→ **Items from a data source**
_____

lemma sort_perm_ind_vec_iff:
  assumes S: "S \<subseteq> {1..n}" and k: "k \<in> {1..n}"
  shows "sort_perm n (ind_vec S) k \<in> S \<longleftrightarrow> k \<le> card S"
proof -
  define j where "j = sort_perm n (ind_vec S)"
  define K where "K = {k\<in>{1..n}. j k \<in> S}"
  have jp: "j permutes {1..n}" unfolding j_def by (rule sort_perm_permutes)
  have "j ` K = S"
  proof
    show "j ` K \<subseteq> S" by (auto simp: K_def)
    show "S \<subseteq> j ` K"
    proof
      fix s assume "s \<in> S"
      then obtain k where "k \<in> {1..n}" "s = j k" using S permutes_image[OF jp] by blast
      with \<open>s \<in> S\<close> show "s \<in> j ` K" by (auto simp: K_def)
    qed
  qed
  then have "card K = card S"
    using card_image[OF permutes_inj_on[OF jp], of K] by argo
  moreover have "K = {1..card K}"
  proof (rule downward_closed_eq_atLeastAtMost_card)
    show "K \<subseteq> {1..n}" by (auto simp: K_def)
    fix k k' assume "k \<in> K" "1 \<le> k'" "k' \<le> k"
    moreover have "ind_vec S (j k) \<le> ind_vec S (j k')"
      using calculation by (auto simp: j_def K_def intro: sort_perm_antimono)
    ultimately show "k' \<in> K" by (auto simp: K_def ind_vec_def split: if_splits)
  qed
  ultimately have "K = {1..card S}" by simp
  moreover have "j k \<in> S \<longleftrightarrow> k \<in> K" using k by (simp add: K_def)
  ultimately show ?thesis using k by (simp add: j_def)
qed

lemma lovasz_ind_vec:
  assumes S: "S \<subseteq> {1..n}"
  shows "lovasz n g (ind_vec S) = g S"
proof -
  define j where "j = sort_perm n (ind_vec S)"
  define G where "G k = g (j ` {1..k})" for k
  have cS: "card S \<le> n" using card_mono[OF _ S] by simp
  have prefix: "j k \<in> S \<longleftrightarrow> k \<le> card S" if "k \<in> {1..n}" for k
    using sort_perm_ind_vec_iff[OF S that] by (simp add: j_def)
  have "j ` {1..card S} = S"
  proof
    show "j ` {1..card S} \<subseteq> S" using prefix cS by auto
    show "S \<subseteq> j ` {1..card S}"
    proof
      fix s assume "s \<in> S"
      then have "s \<in> j ` {1..n}"
        using S permutes_image[OF sort_perm_permutes] by (auto simp: j_def)
      then obtain k where "k \<in> {1..n}" "s = j k" by blast
      with prefix \<open>s \<in> S\<close> show "s \<in> j ` {1..card S}" by auto
    qed
  qed
  have "lovasz n g (ind_vec S) = g {} + (\<Sum>m<n. ind_vec S (j (Suc m)) * (G (Suc m) - G m))"
    unfolding lovasz_eq_sum_increments G_def j_def by simp
  also have "(\<Sum>m<n. ind_vec S (j (Suc m)) * (G (Suc m) - G m)) = (\<Sum>m<card S. G (Suc m) - G m)"
  proof -
    have "(\<Sum>m<n. ind_vec S (j (Suc m)) * (G (Suc m) - G m))
        = (\<Sum>m\<in>{..<n} \<inter> {..<card S}. G (Suc m) - G m)"
      by (subst sum.inter_restrict) (auto simp: ind_vec_def prefix intro!: sum.cong)
    also have "{..<n} \<inter> {..<card S} = {..<card S}" using cS by auto
    finally show ?thesis .
  qed
  also have "\<dots> = G (card S) - G 0" by (rule sum_lessThan_telescope)
  finally show ?thesis using \<open>j ` {1..card S} = S\<close> by (simp add: G_def)
qed

lemma ind_vec_in_unit_cube: "S \<subseteq> {1..n} \<Longrightarrow> ind_vec S \<in> unit_cube n"
  by (auto simp: unit_cube_def ind_vec_def)

lemma lovasz_attains_min_at_vertex:
  "\<exists>S\<subseteq>{1..n}. \<forall>x\<in>unit_cube n. lovasz n g (ind_vec S) \<le> lovasz n g x"
proof -
  obtain S where S: "S \<subseteq> {1..n}" and min: "\<And>T. T \<subseteq> {1..n} \<Longrightarrow> g S \<le> g T"
    using ex_is_arg_min_if_finite[of "Pow {1..n}" g] by (auto simp: is_arg_min_linorder)
  have "lovasz n g (ind_vec S) \<le> lovasz n g x" if "x \<in> unit_cube n" for x
    using lovasz_mono[OF that min] by (simp add: lovasz_ind_vec[OF S] lovasz_const)
  with S show ?thesis by blast
qed

lemma submodular_increments_le:
  assumes sm: "submodular n g" and p: "p permutes {1..n}" and T: "T \<subseteq> {1..n}"
  shows "r \<le> n \<Longrightarrow> (\<Sum>m<r. ind_vec T (p (Suc m)) * (g (p ` {1..Suc m}) - g (p ` {1..m})))
     \<le> g (p ` {1..r} \<inter> T) - g {}"
proof (induction r)
  case (Suc r)
  define A where "A = p ` {1..r}"
  define a where "a = p (Suc r)"
  have ins: "p ` {1..Suc r} = insert a A" by (auto simp: A_def a_def atLeastAtMostSuc_conv)
  have "a \<notin> A"
  proof
    assume "a \<in> A"
    then obtain i where "i \<in> {1..r}" "p (Suc r) = p i" by (auto simp: A_def a_def)
    then show False using injD[OF permutes_inj[OF p]] by fastforce
  qed
  have "insert a A \<subseteq> {1..n}"
    using permutes_image_atLeastAtMost_subset[OF p Suc.prems] ins by simp
  then have A: "A \<subseteq> {1..n}" and a: "a \<in> {1..n}" by auto
  have IH: "(\<Sum>m<r. ind_vec T (p (Suc m)) * (g (p ` {1..Suc m}) - g (p ` {1..m})))
      \<le> g (A \<inter> T) - g {}"
    using Suc by (simp add: A_def)
  have "ind_vec T a * (g (insert a A) - g A) \<le> g (insert a A \<inter> T) - g (A \<inter> T)"
  proof (cases "a \<in> T")
    case True
    \<comment> \<open>diminishing returns: adding a to A gains at most what adding it to A \<inter> T gains\<close>
    have "g (A \<inter> insert a (A \<inter> T)) + g (A \<union> insert a (A \<inter> T)) \<le> g A + g (insert a (A \<inter> T))"
    proof -
      have "insert a (A \<inter> T) \<subseteq> {1..n}" using A a by auto
      with sm A show ?thesis unfolding submodular_def by (simp only: add_ac)
    qed
    moreover have "A \<inter> insert a (A \<inter> T) = A \<inter> T" using \<open>a \<notin> A\<close> by auto
    moreover have "A \<union> insert a (A \<inter> T) = insert a A" by auto
    moreover have "insert a A \<inter> T = insert a (A \<inter> T)" using True by auto
    ultimately show ?thesis using True by (simp add: ind_vec_def)
  qed (simp add: ind_vec_def)
  with IH show ?case
    unfolding sum.lessThan_Suc ins A_def[symmetric] a_def[symmetric] by linarith
qed simp

lemma sum_ind_vec_in_unit_cube:
  assumes "\<And>T. T \<in> Pow {1..n} \<Longrightarrow> 0 \<le> l T" "sum l (Pow {1..n}) = 1"
  shows "(\<lambda>i. \<Sum>T\<in>Pow {1..n}. l T * ind_vec T i) \<in> unit_cube n"
proof -
  have "(\<Sum>T\<in>Pow {1..n}. l T * ind_vec T i) \<le> (\<Sum>T\<in>Pow {1..n}. l T)" for i
    using assms(1) by (intro sum_mono) (auto simp: ind_vec_def)
  moreover have "0 \<le> (\<Sum>T\<in>Pow {1..n}. l T * ind_vec T i)" for i
    using assms(1) by (intro sum_nonneg) (auto simp: ind_vec_def)
  moreover have "(\<Sum>T\<in>Pow {1..n}. l T * ind_vec T i) = 0" if "i \<notin> {1..n}" for i
    using that by (intro sum.neutral) (auto simp: ind_vec_def)
  ultimately show ?thesis using assms(2) by (simp add: unit_cube_def)
qed

lemma lovasz_le_convex_combination:
  assumes sm: "submodular n g"
    and l: "\<And>T. T \<in> Pow {1..n} \<Longrightarrow> 0 \<le> l T" "sum l (Pow {1..n}) = 1"
  shows "lovasz n g (\<lambda>i. \<Sum>T\<in>Pow {1..n}. l T * ind_vec T i) \<le> (\<Sum>T\<in>Pow {1..n}. l T * g T)"
proof -
  define x where "x i = (\<Sum>T\<in>Pow {1..n}. l T * ind_vec T i)" for i
  define j where "j = sort_perm n x"
  define D where "D m = g (j ` {1..Suc m}) - g (j ` {1..m})" for m
  have "lovasz n g x = g {} + (\<Sum>m<n. x (j (Suc m)) * D m)"
    unfolding lovasz_eq_sum_increments j_def D_def by simp
  also have "(\<Sum>m<n. x (j (Suc m)) * D m) = (\<Sum>T\<in>Pow {1..n}. l T * (\<Sum>m<n. ind_vec T (j (Suc m)) * D m))"
    unfolding x_def by (simp add: sum_distrib_left sum_distrib_right mult.assoc) (rule sum.swap)
  also have "\<dots> \<le> (\<Sum>T\<in>Pow {1..n}. l T * (g T - g {}))"
  proof (rule sum_mono)
    fix T assume T: "T \<in> Pow {1..n}"
    have "j ` {1..n} \<inter> T = T" using permutes_image[OF sort_perm_permutes] T by (auto simp: j_def)
    then have "(\<Sum>m<n. ind_vec T (j (Suc m)) * D m) \<le> g T - g {}"
      using submodular_increments_le[OF sm sort_perm_permutes[of n x], of T n] T
      by (simp add: D_def j_def)
    then show "l T * (\<Sum>m<n. ind_vec T (j (Suc m)) * D m) \<le> l T * (g T - g {})"
      using l(1)[OF T] by (rule mult_left_mono)
  qed
  also have "g {} + (\<Sum>T\<in>Pow {1..n}. l T * (g T - g {})) = (\<Sum>T\<in>Pow {1..n}. l T * g T)"
    using l(2) by (simp add: right_diff_distrib sum_subtractf flip: sum_distrib_right)
  finally show ?thesis unfolding x_def by simp
qed

lemma continuous_on_lovasz:
  assumes "\<And>S. S \<subseteq> {1..n} \<Longrightarrow> continuous_on Y (f S)"
  shows "continuous_on Y (\<lambda>y. lovasz n (\<lambda>S. f S y) x)"
proof -
  define j where "j = sort_perm n x"
  have "continuous_on Y (f (j ` {1..k}))" if "k \<le> n" for k
    using assms permutes_image_atLeastAtMost_subset[OF sort_perm_permutes that] by (simp add: j_def)
  with assms[of "{}"] show ?thesis
    unfolding lovasz_eq_sum_increments j_def[symmetric]
    by (intro continuous_on_add continuous_on_sum continuous_on_mult continuous_on_const
        continuous_on_diff) auto
qed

_____

→ **Work task**
The response must hold only the lines above from the line with "T by (auto simp: j_def)" through the line with "using l(2) by", each copied exactly, both ends kept.

→ **Solved problem**
    have "j ` {1..n} \<inter> T = T" using permutes_image[OF sort_perm_permutes] T by (auto simp: j_def)
    then have "(\<Sum>m<n. ind_vec T (j (Suc m)) * D m) \<le> g T - g {}"
      using submodular_increments_le[OF sm sort_perm_permutes[of n x], of T n] T
      by (simp add: D_def j_def)
    then show "l T * (\<Sum>m<n. ind_vec T (j (Suc m)) * D m) \<le> l T * (g T - g {})"
      using l(1)[OF T] by (rule mult_left_mono)
  qed
  also have "g {} + (\<Sum>T\<in>Pow {1..n}. l T * (g T - g {})) = (\<Sum>T\<in>Pow {1..n}. l T * g T)"
    using l(2) by (simp add: right_diff_distrib sum_subtractf flip: sum_distrib_right)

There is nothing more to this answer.